Porque, Tú eres justo, Señor, y lo que decidas y hagas estará bien. Por eso, pacientemente, me postro a tus pies, y como aquel centurión, manifiesto mi demérito para ser merecedor de ese don gratuito que Tú, Dios mío, me puedas dar. Pero, a pesar de que mis palabras brotan como empujadas por el Espíritu, quiero sentirlas en lo más profundo de mi ser y experimentarlas en mi corazón.
Dame, Señor, esa confianza e inocencia de experimentar la pureza de la fe. Esa intención pura. bien intencionada y buena de creer en tu Poder y tu Amor. Sé que eso no está a mi alcance si no es por tu Amor y Misericordia. Sé, Señor, que todo depende de Ti y que todo está en tus Manos. Por eso, como ese centurión del Evangelio, yo también me siento indigno de que entres en mi, y que sólo una Palabra tuya bastará para transformarme y llenar mi humilde y pobre corazón de fe.
He reflexionado mucho sobre este Evangelio.
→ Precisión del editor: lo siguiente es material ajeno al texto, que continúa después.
lemma field_ring_simps [simp]:
  "carrier field_ring = UNIV" "mult field_ring = (*)" "one field_ring = 1"
  "zero field_ring = 0" "add field_ring = (+)"
  by (auto simp: field_ring_def)

lemma field_ring_is_field: "field (field_ring :: 'a::field ring)"
proof -
  have "\<exists>y. x + y = 0" for x :: 'a
    using add.right_inverse by blast
  moreover have "x \<noteq> 0 \<Longrightarrow> \<exists>y. x * y = 1" for x :: 'a
    by (rule exI[of _ "inverse x"]) auto
  ultimately show ?thesis
    unfolding field_ring_def using add.right_inverse
    by unfold_locales (auto simp: algebra_simps Units_def)
qed

lemma field_ring_is_ring: "ring (field_ring :: 'a::field ring)"
  using field_ring_is_field field.is_ring by blast

lemma field_ring_subfield:
  assumes "Defs.subfield (K::'a::field set)"
  shows "Subrings.subfield K field_ring"
proof -
  interpret field field_ring by (rule field_ring_is_field)
  have minus: "\<ominus>\<^bsub>field_ring\<^esub> x = - x" for x :: 'a
    using minus_equality[of "- x" x] by (simp add: a_comm)
  have "subring K field_ring"
    using assms by (intro subringI) (auto simp: Defs.subfield_def minus)
  moreover have "Units (field_ring\<lparr>carrier := K\<rparr>) = K - {0}"
  proof
    show "K - {0} \<subseteq> Units (field_ring\<lparr>carrier := K\<rparr>)"
    proof
      fix x assume x: "x \<in> K - {0}"
      hence "inverse x \<in> K" using assms by (simp add: Defs.subfield_def)
      with x show "x \<in> Units (field_ring\<lparr>carrier := K\<rparr>)"
        unfolding Units_def by (auto simp: field_ring_def intro!: bexI[of _ "inverse x"])
    qed
  qed (auto simp: Units_def)
  ultimately show ?thesis
    by (intro subfieldI subcringI') simp_all
qed


lemma field_ring_combine:
  "ring.combine field_ring Ks Us = (\<Sum>i<min (length Ks) (length Us). Ks!i * Us!i)"
proof (induction Ks arbitrary: Us)
  case Nil then show ?case by (simp add: ring.combine.simps[OF field_ring_is_ring])
next
  case (Cons k Ks)
  show ?case
  proof (cases Us)
    case Nil then show ?thesis by (simp add: ring.combine.simps[OF field_ring_is_ring])
  next
    case (Cons u Us')
    have "(\<Sum>i<min (length (k#Ks)) (length (u#Us')). (k#Ks)!i * (u#Us')!i)
      = k * u + (\<Sum>i<min (length Ks) (length Us'). Ks!i * Us'!i)"
      by (simp add: lessThan_Suc_eq_insert_0 sum.reindex)
    then show ?thesis
      using Cons.IH[of Us'] Cons by (simp add: ring.combine.simps[OF field_ring_is_ring])
  qed
qed

lemma span_iff_combination:
  assumes "Defs.subfield K"
  shows "x \<in> ring.Span field_ring K (map f [0..<e]) \<longleftrightarrow>
    (\<exists>c. (\<forall>i<e. c i \<in> K) \<and> (\<forall>i\<ge>e. c i = 0) \<and> x = (\<Sum>i<e. c i * f i))"
proof -
  have "x \<in> ring.Span field_ring K (map f [0..<e]) \<longleftrightarrow>
     (\<exists>Ks. set Ks \<subseteq> K \<and> length Ks = e \<and> x = ring.combine field_ring Ks (map f [0..<e]))"
    using ring.Span_mem_iff_length_version[OF field_ring_is_ring field_ring_subfield[OF assms]]
    by simp
  also have "\<dots> \<longleftrightarrow> (\<exists>c. (\<forall>i<e. c i \<in> K) \<and> (\<forall>i\<ge>e. c i = 0) \<and> x = (\<Sum>i<e. c i * f i))"
  proof
    assume "\<exists>Ks. set Ks \<subseteq> K \<and> length Ks = e \<and> x = ring.combine field_ring Ks (map f [0..<e])"
    then obtain Ks where "set Ks \<subseteq> K" "length Ks = e" "x = ring.combine field_ring Ks (map f [0..<e])"
      by blast
    then show "\<exists>c. (\<forall>i<e. c i \<in> K) \<and> (\<forall>i\<ge>e. c i = 0) \<and> x = (\<Sum>i<e. c i * f i)"
      by (intro exI[of _ "\<lambda>i. if i < e then Ks!i else 0"]) (auto simp: field_ring_combine)
  next
    assume "\<exists>c. (\<forall>i<e. c i \<in> K) \<and> (\<forall>i\<ge>e. c i = 0) \<and> x = (\<Sum>i<e. c i * f i)"
    then obtain c where "\<forall>i<e. c i \<in> K" "x = (\<Sum>i<e. c i * f i)" by blast
    then show "\<exists>Ks. set Ks \<subseteq> K \<and> length Ks = e \<and> x = ring.combine field_ring Ks (map f [0..<e])"
      by (intro exI[of _ "map c [0..<e]"]) (auto simp: field_ring_combine)
  qed
  finally show ?thesis .
qed

lemma independent_if_only_trivial_relation:
  assumes K: "Defs.subfield K"
    and triv: "\<And>c. (\<forall>i<e. c i \<in> K) \<Longrightarrow> (\<Sum>i<e. c i * f i) = 0 \<Longrightarrow> (\<forall>i<e. c i = 0)"
  shows "ring.independent field_ring K (map f [0..<e])"
proof (rule ring.trivial_combine_imp_independent[OF field_ring_is_ring field_ring_subfield[OF K]])
  show "set (map f [0..<e]) \<subseteq> carrier field_ring" by simp
  fix Ks assume Ks: "set Ks \<subseteq> K" "ring.combine field_ring Ks (map f [0..<e]) = \<zero>\<^bsub>field_ring\<^esub>"
  define m where "m = min (length Ks) e"
  define c where "c i = (if i < m then Ks!i else 0)" for i
  have "(\<Sum>i<e. c i * f i) = (\<Sum>i<m. c i * f i)"
    by (rule sum.mono_neutral_right) (auto simp: c_def m_def)
  also have "\<dots> = 0" using Ks(2) by (simp add: field_ring_combine m_def c_def)
  finally have "\<forall>i<e. c i = 0"
    using Ks(1) K by (intro triv) (auto simp: c_def m_def Defs.subfield_def)
  then show "set (take (length (map f [0..<e])) Ks) \<subseteq> {\<zero>\<^bsub>field_ring\<^esub>}"
    by (auto simp: c_def m_def set_conv_nth)
qed

lemma ext_degree_basis:
  assumes K: "Defs.subfield K" and deg: "ext_degree K e"
  obtains b where "ring.independent field_ring K (map b [0..<e])"
    and "\<And>y. y \<in> ring.Span field_ring K (map b [0..<e])"
proof -
  obtain b where b: "\<And>x. \<exists>!c. (\<forall>i<e. c i \<in> K) \<and> (\<forall>i\<ge>e. c i = 0) \<and> x = (\<Sum>i<e. c i * b i)"
    using deg unfolding ext_degree_def by blast
  have "\<forall>i<e. c i = 0" if c: "\<forall>i<e. c i \<in> K" "(\<Sum>i<e. c i * b i) = 0" for c
  proof -
    define coords where "coords d \<longleftrightarrow> (\<forall>i<e. d i \<in> K) \<and> (\<forall>i\<ge>e. d i = 0) \<and> 0 = (\<Sum>i<e. d i * b i)"
      for d
    define c' where "c' i = (if i < e then c i else 0)" for i
    have "coords c'" using c by (simp add: coords_def c'_def)
    moreover have "coords (\<lambda>_. 0)" using K by (simp add: coords_def Defs.subfield_def)
    moreover have "\<exists>!d. coords d" using b[of 0] unfolding coords_def .
    ultimately have "c' = (\<lambda>_. 0)" by blast
    then show ?thesis by (metis c'_def)
  qed
  then have "ring.independent field_ring K (map b [0..<e])"
    by (rule independent_if_only_trivial_relation[OF K])
  moreover have "y \<in> ring.Span field_ring K (map b [0..<e])" for y
    unfolding span_iff_combination[OF K] using b[of y] by blast
  ultimately show thesis by (rule that)
qed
Lo he leído muchas veces y también oído en homilías, pero, ¿realmente mi fe ha aumentado? No lo sé, Señor. Y eso me preocupa. Quizás haya aumentado y no lo note, por eso, mi petición va dirigida a que me la aumentes, que me hagas crecer en fe, Señor, hasta el punto de experimentar y sentirte cerca y dentro de mí.
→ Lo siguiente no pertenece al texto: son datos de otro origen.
lemma is_sup_C_approximates_below:
  assumes sup: "is_sup_C X G s"
  shows "approximates_below X G s"
  unfolding approximates_below_def
proof (intro allI impI, rule ccontr)
  fix e :: real and W
  assume e: "e > 0" and W: "cozero_set X W \<and> W \<noteq> {}" and no: "\<not> (\<exists>g\<in>G. \<exists>x\<in>W. s x - e < g x)"
  obtain k where k: "continuous_map X euclideanreal k" and Wk: "W = cozero X k"
    using W unfolding cozero_set_def by blast
  have s: "s \<in> cont_funs X" and le: "\<forall>g\<in>G. le_C X g s"
    using sup by (auto simp: is_sup_C_def)
  text \<open>Lower \<open>s\<close> by up to \<open>e\<close> on \<open>W\<close>: still an upper bound of \<open>G\<close>, but not above \<open>s\<close>.\<close>
  define h where "h x = (if x \<in> topspace X then s x - max 0 (min (k x) e) else 0)" for x
  have "continuous_map X euclideanreal (\<lambda>x. s x - max 0 (min (k x) e))"
    using s k by (intro continuous_intros) (auto simp: cont_funs_def)
  then have "h \<in> cont_funs X"
    by (auto simp: cont_funs_def h_def elim: continuous_map_eq)
  moreover have "le_C X g h" if g: "g \<in> G" for g
    unfolding le_C_def
  proof
    fix x assume x: "x \<in> topspace X"
    show "g x \<le> h x"
    proof (cases "x \<in> W")
      case True
      then show ?thesis using no g x e by (force simp: h_def)
    next
      case False
      then show ?thesis using le g x Wk by (auto simp: h_def le_C_def cozero_def)
    qed
  qed
  ultimately have "le_C X s h"
    using sup by (simp add: is_sup_C_def)
  moreover obtain x0 where "x0 \<in> W" using W by blast
  ultimately show False
    using e Wk by (auto simp: le_C_def h_def cozero_def)
qed

lemma is_sup_C_if_approximates_below:
  assumes s: "s \<in> cont_funs X" and le: "\<forall>g\<in>G. le_C X g s" and approx: "approximates_below X G s"
  shows "is_sup_C X G s"
  unfolding is_sup_C_def
proof (intro conjI ballI impI s)
  show "\<And>g. g \<in> G \<Longrightarrow> le_C X g s" using le by blast
  fix h assume h: "h \<in> cont_funs X" and ub: "\<forall>g\<in>G. le_C X g h"
  show "le_C X s h"
    unfolding le_C_def
  proof (rule ballI, rule ccontr)
    fix x0 assume x0: "x0 \<in> topspace X" and gap: "\<not> s x0 \<le> h x0"
    define e where "e = (s x0 - h x0) / 2"
    have e: "e > 0" using gap by (simp add: e_def)
    define W where "W = {x \<in> topspace X. h x + e < s x}"
    have "cozero_set X W"
      unfolding W_def using s h by (intro cozero_set_less continuous_intros) (auto simp: cont_funs_def)
    moreover have "x0 \<in> W" using x0 gap by (auto simp: W_def e_def field_simps)
    ultimately obtain g x where "g \<in> G" "x \<in> W" "s x - e < g x"
      using approx e unfolding approximates_below_def by blast
    moreover have "g x \<le> h x" using ub \<open>g \<in> G\<close> \<open>x \<in> W\<close> by (auto simp: le_C_def W_def)
    ultimately show False by (simp add: W_def)
  qed
qed

lemma maximal_pairwise_subset:
  assumes "symp R"
  shows "\<exists>M\<subseteq>A. pairwise R M \<and> (\<forall>z\<in>A - M. \<exists>y\<in>M. \<not> R z y)"
proof -
  define \<P> where "\<P> = {M. M \<subseteq> A \<and> pairwise R M}"
  have "\<Union>\<C> \<in> \<P>" if "subset.chain \<P> \<C>" for \<C>
  proof -
    have "chain\<^sub>\<subseteq> \<C>" "\<C> \<subseteq> \<P>"
      using that by (auto simp: subset_chain_def chain_subset_def)
    then show ?thesis
      using pairwise_chain_Union[of \<C> R] by (auto simp: \<P>_def)
  qed
  then have "\<exists>M\<in>\<P>. \<forall>N\<in>\<P>. M \<subseteq> N \<longrightarrow> N = M"
    by (rule subset_Zorn')
  then obtain M where "M \<in> \<P>" and max: "\<forall>N\<in>\<P>. M \<subseteq> N \<longrightarrow> N = M"
    by blast
  then have M: "M \<subseteq> A" "pairwise R M"
    by (auto simp: \<P>_def)
  have "\<exists>y\<in>M. \<not> R z y" if z: "z \<in> A - M" for z
  proof (rule ccontr)
    assume "\<not> (\<exists>y\<in>M. \<not> R z y)"
    then have "\<forall>y\<in>M. R z y \<and> R y z"
      using \<open>symp R\<close> by (meson sympD)
    then have "insert z M \<in> \<P>"
      using M z by (simp add: \<P>_def pairwise_insert)
    then have "insert z M = M"
      using max by blast
    with z show False by blast
  qed
  with M show ?thesis by blast
qed

lemma ccc_cozero_countable_meeting_subfamily:
  assumes "ccc_cozero X" and "\<forall>W\<in>\<A>. cozero_set X W \<and> W \<noteq> {}"
  shows "\<exists>\<M>\<subseteq>\<A>. countable \<M> \<and> (\<forall>W\<in>\<A>. \<exists>Y\<in>\<M>. W \<inter> Y \<noteq> {})"
proof -
  obtain \<M> where \<M>: "\<M> \<subseteq> \<A>" "pairwise disjnt \<M>" and max: "\<forall>W\<in>\<A> - \<M>. \<exists>Y\<in>\<M>. \<not> disjnt W Y"
    using maximal_pairwise_subset[of disjnt \<A>] sympI[of disjnt, OF disjnt_sym] by blast
  have "countable \<M>"
    using assms \<M> unfolding ccc_cozero_def by blast
  moreover have "\<exists>Y\<in>\<M>. W \<inter> Y \<noteq> {}" if "W \<in> \<A>" for W
  proof (cases "W \<in> \<M>")
    case True
    then show ?thesis using that assms(2) by (metis Int_absorb)
  next
    case False
    then show ?thesis using that max by (auto simp: disjnt_def)
  qed
  ultimately show ?thesis using \<M>(1) by blast
qed

lemma approximates_below_on_cozero_subset:
  assumes approx: "approximates_below X F s" and F: "F \<subseteq> cont_funs X" and s: "s \<in> cont_funs X"
    and W: "cozero_set X W" "W \<noteq> {}" and e: "e > 0"
  shows "\<exists>f\<in>F. \<exists>W'\<subseteq>W. cozero_set X W' \<and> W' \<noteq> {} \<and> (\<forall>x\<in>W'. s x - e < f x)"
proof -
  obtain f x where f: "f \<in> F" and x: "x \<in> W" "s x - e < f x"
    using approx W e unfolding approximates_below_def by blast
  define W' where "W' = W \<inter> {y \<in> topspace X. s y - e < f y}"
  have "cozero_set X W'"
    unfolding W'_def using W f F s
    by (intro cozero_set_Int cozero_set_less continuous_intros) (auto simp: cont_funs_def)
  moreover have "x \<in> W'"
    using x cozero_set_subset_topspace[OF W(1)] by (auto simp: W'_def)
  ultimately show ?thesis
    using f by (intro bexI[of _ f] exI[of _ W']) (auto simp: W'_def)
qed

lemma ccc_cozero_countable_approximating_subset:
  assumes ccc: "ccc_cozero X" and approx: "approximates_below X F s"
    and F: "F \<subseteq> cont_funs X" and s: "s \<in> cont_funs X"
  shows "\<exists>G\<subseteq>F. countable G \<and> approximates_below X G s"
proof -
  define \<A> where "\<A> n = {W. cozero_set X W \<and> W \<noteq> {} \<and> (\<exists>f\<in>F. \<forall>x\<in>W. s x - 1 / Suc n < f x)}" for n
  have "\<forall>n. \<exists>\<M>\<subseteq>\<A> n. countable \<M> \<and> (\<forall>W\<in>\<A> n. \<exists>Y\<in>\<M>. W \<inter> Y \<noteq> {})"
    by (intro allI ccc_cozero_countable_meeting_subfamily[OF ccc]) (auto simp: \<A>_def)
  then obtain \<M> where \<M>: "\<And>n. \<M> n \<subseteq> \<A> n" "\<And>n. countable (\<M> n)"
    and meets: "\<And>n W. W \<in> \<A> n \<Longrightarrow> \<exists>Y\<in>\<M> n. W \<inter> Y \<noteq> {}"
    by metis
  have "\<forall>n. \<forall>Y\<in>\<M> n. \<exists>g\<in>F. \<forall>x\<in>Y. s x - 1 / Suc n < g x"
    using \<M>(1) unfolding \<A>_def by blast
  then obtain f where f: "\<And>n Y. Y \<in> \<M> n \<Longrightarrow> f n Y \<in> F \<and> (\<forall>x\<in>Y. s x - 1 / Suc n < f n Y x)"
    by metis
  define G where "G = (\<Union>n. f n ` \<M> n)"
  have "approximates_below X G s"
    unfolding approximates_below_def
  proof (intro allI impI)
    fix e :: real and W assume e: "e > 0" and W: "cozero_set X W \<and> W \<noteq> {}"
    obtain n where n: "1 / Suc n < e" using reals_Archimedean[OF e] by (auto simp: inverse_eq_divide)
    have "\<exists>g\<in>F. \<exists>W'\<subseteq>W. cozero_set X W' \<and> W' \<noteq> {} \<and> (\<forall>x\<in>W'. s x - 1 / Suc n < g x)"
      using W by (intro approximates_below_on_cozero_subset[OF approx F s]) auto
    then obtain g W' where "g \<in> F" "W' \<subseteq> W" "cozero_set X W'" "W' \<noteq> {}"
      "\<forall>x\<in>W'. s x - 1 / Suc n < g x"
      by blast
    then have "W' \<in> \<A> n" "W' \<subseteq> W"
      unfolding \<A>_def by blast+
    then obtain Y z where Y: "Y \<in> \<M> n" and z: "z \<in> W" "z \<in> Y" using meets by blast
    have "f n Y \<in> G" using Y by (auto simp: G_def)
    moreover have "s z - e < f n Y z" using f[OF Y] z(2) n by fastforce
    ultimately show "\<exists>g\<in>G. \<exists>x\<in>W. s x - e < g x" using z(1) by blast
  qed
  moreover have "G \<subseteq> F" "countable G"
    using f \<M>(2) by (auto simp: G_def)
  ultimately show ?thesis by blast
qed

lemma countable_sup_property_if_ccc_cozero:
  assumes ccc: "ccc_cozero X"
  shows "countable_sup_property X"
  unfolding countable_sup_property_def
proof (intro allI impI)
  fix F s assume "F \<subseteq> cont_funs X \<and> F \<noteq> {} \<and> is_sup_C X F s"
  then have F: "F \<subseteq> cont_funs X" and sup: "is_sup_C X F s" by auto
  have s: "s \<in> cont_funs X" and le: "\<forall>f\<in>F. le_C X f s"
    using sup by (auto simp: is_sup_C_def)
  obtain G where "G \<subseteq> F" "countable G" "approximates_below X G s"
    using ccc_cozero_countable_approximating_subset[OF ccc is_sup_C_approximates_below[OF sup] F s]
    by blast
  moreover from this(1) have "is_sup_C X G s"
    using le s \<open>approximates_below X G s\<close> by (intro is_sup_C_if_approximates_below) auto
  ultimately show "\<exists>G\<subseteq>F. countable G \<and> is_sup_C X G s" by blast
qed

definition cutoff :: "'a topology \<Rightarrow> ('a \<Rightarrow> real) \<Rightarrow> nat \<Rightarrow> 'a \<Rightarrow> real" where
  "cutoff X h n x = (if x \<in> topspace X then min 1 (real n * max 0 (h x)) else 0)"

lemma cutoff_in_cont_funs:
  assumes "continuous_map X euclideanreal h"
  shows "cutoff X h n \<in> cont_funs X"
proof -
  have "continuous_map X euclideanreal (\<lambda>x. min 1 (real n * max 0 (h x)))"
    using assms by (intro continuous_intros)
  then show ?thesis
    by (auto simp: cont_funs_def cutoff_def elim: continuous_map_eq)
qed

lemma indicator_topspace_in_cont_funs: "(indicator (topspace X) :: 'a \<Rightarrow> real) \<in> cont_funs X"
proof -
  have "continuous_map X euclideanreal (indicator (topspace X) :: 'a \<Rightarrow> real)"
    by (rule continuous_map_eq[of _ _ "\<lambda>x. 1"]) simp_all
  then show ?thesis
    by (simp add: cont_funs_def)
qed

lemma is_sup_C_cutoffs:
  assumes H: "\<And>h. h \<in> H \<Longrightarrow> continuous_map X euclideanreal h"
    and meets: "\<And>V. cozero_set X V \<Longrightarrow> V \<noteq> {} \<Longrightarrow> \<exists>h\<in>H. V \<inter> cozero X h \<noteq> {}"
  shows "is_sup_C X ((\<lambda>(h, n). cutoff X h n) ` (H \<times> UNIV)) (indicator (topspace X))"
proof (rule is_sup_C_if_approximates_below[OF indicator_topspace_in_cont_funs])
  show "\<forall>g\<in>(\<lambda>(h, n). cutoff X h n) ` (H \<times> UNIV). le_C X g (indicator (topspace X))"
    by (auto simp: le_C_def cutoff_def)
  show "approximates_below X ((\<lambda>(h, n). cutoff X h n) ` (H \<times> UNIV)) (indicator (topspace X))"
    unfolding approximates_below_def
  proof (intro allI impI)
    fix e :: real and V assume e: "e > 0" and V: "cozero_set X V \<and> V \<noteq> {}"
    then obtain h x where h: "h \<in> H" and x: "x \<in> V" "x \<in> cozero X h"
      using meets by blast
    then have "x \<in> topspace X" "h x > 0" by (auto simp: cozero_def)
    then obtain n where "1 < real n * h x" using ex_less_of_nat_mult by blast
    then have "cutoff X h n x = 1" using \<open>x \<in> topspace X\<close> \<open>h x > 0\<close> by (simp add: cutoff_def)
    moreover have "cutoff X h n \<in> (\<lambda>(h, n). cutoff X h n) ` (H \<times> UNIV)"
      using h by (auto intro: rev_image_eqI[of "(h, n)"])
    ultimately show "\<exists>g\<in>(\<lambda>(h, n). cutoff X h n) ` (H \<times> UNIV). \<exists>x\<in>V. indicator (topspace X) x - e < g x"
      using x e \<open>x \<in> topspace X\<close> by (intro bexI[of _ "cutoff X h n"] bexI[of _ x]) auto
  qed
qed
A extrañarte si Tú no eres lo primero en mi vida. A experimentar desorientación, sin sentido, desconcierto si Tú faltas en mi vida. A sentirme sin rumbo, perdido y vacío si tu presencia se aleja de mí. Dame, Señor, la Gracia de saberte y descubrirte siempre cerca, a mi lado, sabiendo que con y en Ti nada tengo que temer, porque Tú me salvas de todos los peligros y me llevas contigo a la Vida Eterna. Gracias, Señor.